EXERCISE AIM — For the entries below, state how many lines include the string "alpha", and write nothing besides that number.

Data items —
(* Let $n\ge1$ and let $\omega\subset\mathbb{R}^n$ be a measurable set satisfying $$\liminf_{R\to+\infty}\frac{|\omega\cap B(0,R)|}{|B(0,R)|}>0.$$ Then there exists a constant $C=C(\omega)>1$ such that for every $N\in\mathbb{N}$ and every $f\in\mathcal{E}_N$, $$\|f\|_{L^2(\mathbb{R}^n)}\le C e^{CN}\|f\|_{L^2(\omega)}.$$
   Context: $|A|$ denotes Lebesgue measure and $B(0,R)$ the open Euclidean ball of radius $R$ centered at $0$. The one-dimensional Hermite functions are $\phi_k(x)=\frac{(-1)^k}{\sqrt{2^k k!\sqrt{\pi}}}e^{x^2/2}\frac{d^k}{dx^k}(e^{-x^2})$, $k\in\mathbb{N}$. For $\alpha\in\mathbb{N}^n$, $\Phi_\alpha(x)=\prod_{j=1}^n\phi_{\alpha_j}(x_j)$ and $|\alpha|=\alpha_1+\dots+\alpha_n$. For $N\in\mathbb{N}$, $\mathcal{E}_N=\mathrm{Span}_{\mathbb{C}}\{\Phi_\alpha:\alpha\in\mathbb{N}^n,\ |\alpha|\le N\}$. *)

theory Defs
  imports "HOL-Analysis.Analysis"
begin

definition hermite_fun :: "nat \<Rightarrow> real \<Rightarrow> real" where
  "hermite_fun k x = (-1) ^ k / sqrt (2 ^ k * fact k * sqrt pi) * exp (x\<^sup>2 / 2)
      * ((deriv ^^ k) (\<lambda>t. exp (- (t\<^sup>2))) x)"

definition hermite_multi :: "('n::finite \<Rightarrow> nat) \<Rightarrow> real ^ 'n \<Rightarrow> real" where
  "hermite_multi \<alpha> x = (\<Prod>j\<in>UNIV. hermite_fun (\<alpha> j) (x $ j))"

definition mi_length :: "('n::finite \<Rightarrow> nat) \<Rightarrow> nat" where
  "mi_length \<alpha> = (\<Sum>j\<in>UNIV. \<alpha> j)"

WRITTEN ANSWER — 3